Meeting in class. Present: Scott, Sean, Tom. Brett and Sarah joined for parts as well.
Tom fit correllograms for species abundances, taking the mean abundance over time. Found an interesting relationship; high local variance (low distance), declining to negative covariance for intermediate distance, then going up above zero for larger distances.
This could be reflective of the biology of the saddle; points on the edge of the saddle may be more similar due to their slope. Brett says periodic structure sometimes occurs when there's some sort of spatial pattern like this.
But, are these correlations spurious? Correlogram has white and black circles - are black circles statistically significant correlations?
Tom will continue looking into spatial variance and covariance looking forward. This could be useful in variance partitioning.
We had been thinking previously about using vegetation classes in analysis. Is there a good way to do this? Part of the concern is that it's circular; use abundances of a species to determine the vegetation class, then use the vegetation class to determine abundances. It's not statistically rigorous.

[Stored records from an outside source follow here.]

lemma walk_append:
  assumes "i < n"
  shows "(of_bool (walk n (u @ v) i j) :: 'b::semiring_1)
    = (\<Sum>k<n. of_bool (walk n u i k) * of_bool (walk n v k j))"
  using assms
proof (induction u arbitrary: i)
  case Nil
  have "(\<Sum>k<n. of_bool (walk n [] i k) * of_bool (walk n v k j))
      = (\<Sum>k<n. if i = k then (of_bool (walk n v k j) :: 'b) else 0)"
    by (rule sum.cong) auto
  then show ?case using Nil by simp
next
  case (Cons b u)
  show ?case
  proof (cases b)
    case True
    then show ?thesis using Cons by (cases "0 < i") auto
  next
    case False
    then show ?thesis using Cons by (cases "Suc i < n") auto
  qed
qed

lemma walk_replicate_True:
  "walk n (replicate k True @ w) i j = (k \<le> i \<and> walk n w (i - k) j)"
proof (induction k arbitrary: i)
  case (Suc k)
  have "walk n (replicate (Suc k) True @ w) i j = (0 < i \<and> walk n (replicate k True @ w) (i - 1) j)"
    by (simp only: replicate_Suc append_Cons walk.simps)
  also have "\<dots> = (Suc k \<le> i \<and> walk n w (i - Suc k) j)"
    by (cases i) (simp_all only: Suc.IH, auto)
  finally show ?case .
qed simp

lemma walk_replicate_False:
  "i < n \<Longrightarrow> walk n (replicate k False @ w) i j = (i + k < n \<and> walk n w (i + k) j)"
proof (induction k arbitrary: i)
  case (Suc k)
  have "walk n (replicate (Suc k) False @ w) i j = (Suc i < n \<and> walk n (replicate k False @ w) (Suc i) j)"
    by (simp only: replicate_Suc append_Cons walk.simps)
  also have "\<dots> = (i + Suc k < n \<and> walk n w (i + Suc k) j)"
    using Suc.IH[of "Suc i"] by auto
  finally show ?case .
qed simp

definition walk_mat :: "nat \<Rightarrow> bool list \<Rightarrow> 'b::zero_neq_one mat" where
  "walk_mat n w = mat n n (\<lambda>(i, j). of_bool (walk n w i j))"

definition mat_of_free :: "nat \<Rightarrow> (bool list \<Rightarrow> 'b::comm_semiring_1) \<Rightarrow> 'b mat" where
  "mat_of_free n f = mat n n (\<lambda>(i, j). \<Sum>w\<in>supp f. f w * of_bool (walk n w i j))"

lemma mat_of_free_supset:
  assumes "finite S" "supp f \<subseteq> S"
  shows "mat_of_free n f = mat n n (\<lambda>(i, j). \<Sum>w\<in>S. f w * of_bool (walk n w i j))"
  unfolding mat_of_free_def
  by (rule cong[OF refl, of _ _ "mat n n"], rule ext, clarify, rule sum.mono_neutral_left)
     (use assms in \<open>auto simp: supp_def\<close>)

lemma sum_word_monom_mult:
  fixes b :: "'a list \<Rightarrow> 'b::semiring_1"
  assumes "finite S"
  shows "(\<Sum>w\<in>S. word_monom u w * b w) = (if u \<in> S then b u else 0)"
proof -
  have "(\<Sum>w\<in>S. word_monom u w * b w) = (\<Sum>w\<in>S. if u = w then b w else 0)"
    by (rule sum.cong) (simp_all add: word_monom_def)
  then show ?thesis using assms by (simp add: sum.delta)
qed

lemma mat_of_free_sum_word_monom:
  assumes "finite P"
  shows "mat_of_free n (\<lambda>w. \<Sum>a\<in>P. c a * word_monom (u a) w)
    = mat n n (\<lambda>(i, j). \<Sum>a\<in>P. c a * of_bool (walk n (u a) i j))"
proof -
  have fin: "finite (u ` P)" using assms by simp
  have entry: "(\<Sum>w\<in>u ` P. (\<Sum>a\<in>P. c a * word_monom (u a) w) * of_bool (walk n w i j))
      = (\<Sum>a\<in>P. c a * of_bool (walk n (u a) i j))" for i j
  proof -
    have "(\<Sum>w\<in>u ` P. (\<Sum>a\<in>P. c a * word_monom (u a) w) * of_bool (walk n w i j))
        = (\<Sum>a\<in>P. c a * (\<Sum>w\<in>u ` P. word_monom (u a) w * of_bool (walk n w i j)))"
      by (simp add: sum_distrib_right sum_distrib_left sum.swap[of _ "u ` P"] mult.assoc
          del: sum_mult_of_bool_eq)
    also have "\<dots> = (\<Sum>a\<in>P. c a * of_bool (walk n (u a) i j))"
      by (rule sum.cong[OF refl]) (simp add: sum_word_monom_mult[OF fin] del: sum_mult_of_bool_eq)
    finally show ?thesis .
  qed
  show ?thesis
    unfolding mat_of_free_supset[OF fin supp_sum_word_monom] entry ..
qed

lemma mat_of_free_word_monom: "mat_of_free n (word_monom u :: bool list \<Rightarrow> 'b::comm_semiring_1) = walk_mat n u"
  by (simp add: mat_of_free_def walk_mat_def supp_word_monom sum_word_monom_mult del: sum_mult_of_bool_eq)
     (simp add: word_monom_def)

lemma mat_of_free_add:
  assumes "finite (supp f)" "finite (supp g)"
  shows "mat_of_free n (\<lambda>w. f w + g w) = mat_of_free n f + mat_of_free n g"
proof -
  let ?S = "supp f \<union> supp g"
  have "finite ?S" using assms by auto
  show ?thesis
    unfolding mat_of_free_supset[OF \<open>finite ?S\<close> supp_add] mat_of_free_supset[OF \<open>finite ?S\<close> Un_upper1]
      mat_of_free_supset[OF \<open>finite ?S\<close> Un_upper2]
    by (rule eq_matI) (auto simp: distrib_right sum.distrib)
qed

Brett says that we could consider determining vegetation classes by removing observations of each of our focal species. This is still a little bit strange - there's some conflation of cause and effect here. But, for building predictive models, cause and effect is less important.

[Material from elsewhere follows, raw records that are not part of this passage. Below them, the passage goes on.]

lemma exact_factorization_cube_ne_one_right:
  assumes fact: "exact_factorization G A B {\<one>, y}" and A: "\<one> \<in> A" and B: "\<one> \<in> B"
    and "y \<noteq> \<one>"
  shows "y \<otimes> y \<otimes> y \<noteq> \<one>"
proof
  assume cube: "y \<otimes> y \<otimes> y = \<one>"
  from fact have y: "y \<in> carrier G" and sub: "A \<subseteq> carrier G" "B \<subseteq> carrier G"
    by (auto simp: exact_factorization_def)
  have C: "\<one> \<in> {\<one>, y}" "y \<in> {\<one>, y}" by simp_all
  from y have "y \<otimes> y \<in> carrier G" by simp
  then obtain a b c where ab: "a \<in> A" "b \<in> B" and c: "c \<in> {\<one>, y}" and sq: "y \<otimes> y = a \<otimes> b \<otimes> c"
    by (rule exact_factorization_decompose[OF fact])
  from ab sub have a: "a \<in> carrier G" and b: "b \<in> carrier G" by auto
  from c consider "c = \<one>" | "c = y" by blast
  then have "y = \<one>"
  proof cases
    case 1
    with sq a b have "a \<otimes> b = y \<otimes> y" by simp
    with cube have "a \<otimes> b \<otimes> y = \<one> \<otimes> \<one> \<otimes> \<one>" by simp
    from exact_factorization_eqD[OF fact ab C(2) A B C(1) this] show ?thesis by simp
  next
    case 2
    with sq y a b have "\<one> \<otimes> \<one> \<otimes> y = a \<otimes> b \<otimes> \<one>" by simp
    from exact_factorization_eqD[OF fact A B C(2) ab C(1) this] show ?thesis by simp
  qed
  with \<open>y \<noteq> \<one>\<close> show False ..
qed

lemma exact_factorization_distinct_products:
  assumes fact: "exact_factorization G {\<one>, x} {\<one>, u, v} {\<one>, y}"
    and "x \<noteq> \<one>" "u \<noteq> \<one>" "v \<noteq> \<one>" "u \<noteq> v" "y \<noteq> \<one>"
  shows "distinct [\<one>, x, y, x \<otimes> y, u, x \<otimes> u, u \<otimes> y, x \<otimes> u \<otimes> y,
                   v, x \<otimes> v, v \<otimes> y, x \<otimes> v \<otimes> y]"
proof -
  let ?f = "\<lambda>(a, b, c). a \<otimes> b \<otimes> c"
  define T where "T = [(\<one>, \<one>, \<one>), (x, \<one>, \<one>), (\<one>, \<one>, y), (x, \<one>, y),
                       (\<one>, u, \<one>), (x, u, \<one>), (\<one>, u, y), (x, u, y),
                       (\<one>, v, \<one>), (x, v, \<one>), (\<one>, v, y), (x, v, y)]"
  from fact have carr: "x \<in> carrier G" "u \<in> carrier G" "v \<in> carrier G" "y \<in> carrier G"
    by (simp_all add: exact_factorization_def)
  from fact have inj: "inj_on ?f ({\<one>, x} \<times> {\<one>, u, v} \<times> {\<one>, y})"
    unfolding exact_factorization_def bij_betw_def by blast
  have "set T = {\<one>, x} \<times> {\<one>, u, v} \<times> {\<one>, y}" by (auto simp: T_def)
  with inj have "inj_on ?f (set T)" by (simp only:)
  moreover have "distinct T" using assms(2-) by (simp add: T_def)
  ultimately have "distinct (map ?f T)" by (simp only: distinct_map)
  moreover have "map ?f T = [\<one>, x, y, x \<otimes> y, u, x \<otimes> u, u \<otimes> y, x \<otimes> u \<otimes> y,
                              v, x \<otimes> v, v \<otimes> y, x \<otimes> v \<otimes> y]"
    using carr by (simp add: T_def)
  ultimately show ?thesis by simp
qed

lemma exact_factorization_2_3_2_involutions:
  assumes fact: "exact_factorization G A B C" and "card A = 2" "card B = 3" "card C = 2"
    and order: "\<And>g. g \<in> carrier G \<Longrightarrow> g \<otimes> g = \<one> \<or> g \<otimes> g \<otimes> g = \<one>"
  obtains x y u v where "x \<in> carrier G" "y \<in> carrier G" "u \<in> carrier G" "v \<in> carrier G"
    "x \<otimes> x = \<one>" "y \<otimes> y = \<one>"
    "distinct [\<one>, x, y, x \<otimes> y, u, x \<otimes> u, u \<otimes> y, x \<otimes> u \<otimes> y,
               v, x \<otimes> v, v \<otimes> y, x \<otimes> v \<otimes> y]"
proof -
  obtain x u v y where fact': "exact_factorization G {\<one>, x} {\<one>, u, v} {\<one>, y}"
    and ne: "x \<noteq> \<one>" "u \<noteq> \<one>" "v \<noteq> \<one>" "u \<noteq> v" "y \<noteq> \<one>"
    using exact_factorization_2_3_2_normal_form[OF assms(1-4)] .
  from fact' have carr: "x \<in> carrier G" "y \<in> carrier G" "u \<in> carrier G" "v \<in> carrier G"
    by (simp_all add: exact_factorization_def)
  have "x \<otimes> x = \<one>"
    using order[OF carr(1)] exact_factorization_cube_ne_one_left[OF fact'] ne by auto
  moreover have "y \<otimes> y = \<one>"
    using order[OF carr(2)] exact_factorization_cube_ne_one_right[OF fact'] ne by auto
  ultimately show thesis
    using that carr exact_factorization_distinct_products[OF fact' ne] by simp
qed

end

section \<open>A Cayley table of the alternating group on four points\<close>

lemma permutes_eqI:
  assumes "p permutes S" "q permutes S" "\<And>i. i \<in> S \<Longrightarrow> p i = q i"
  shows "p = q"
  by (metis assms permutes_not_in ext)

datatype a4 = I | V12 | V13 | V14 | C123 | C132 | C124 | C142 | C134 | C143 | C234 | C243

fun a4_perm :: "a4 \<Rightarrow> nat \<Rightarrow> nat" where
  "a4_perm I = id"
| "a4_perm V12 = transpose 1 2 \<circ> transpose 3 4"
| "a4_perm V13 = transpose 1 3 \<circ> transpose 2 4"
| "a4_perm V14 = transpose 1 4 \<circ> transpose 2 3"
| "a4_perm C123 = cycle_of_list [1, 2, 3]"
| "a4_perm C132 = cycle_of_list [1, 3, 2]"
| "a4_perm C124 = cycle_of_list [1, 2, 4]"
| "a4_perm C142 = cycle_of_list [1, 4, 2]"
| "a4_perm C134 = cycle_of_list [1, 3, 4]"
| "a4_perm C143 = cycle_of_list [1, 4, 3]"
| "a4_perm C234 = cycle_of_list [2, 3, 4]"
| "a4_perm C243 = cycle_of_list [2, 4, 3]"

Here, the surrounding community type could even be a predictor. E.g., see what the mean change/vegetation type is per each of the vegetation classes. Alternatively, these could be used as a unit of prediction, e.g., what is the change in Deschampsia within dry meadow communities compared to others?
Could abiotic factors be used to fit these? We aren't sure how this would be done; Marko's paper did not do this.
See Sean's idea about vegetation classes in analysis below.
We had considered fitting a single multinomial model rather than several indiviual species models. This handles the fact that when one species goes up in abundance, other species are likely due to go down due to the fact that there are only 100 samples per plot.
According to Brett, this would be a good thing to focus on in the future, but not now. It would be time-intensive to hand-code a flexible multinomial model (e.g., one including spatial random effects).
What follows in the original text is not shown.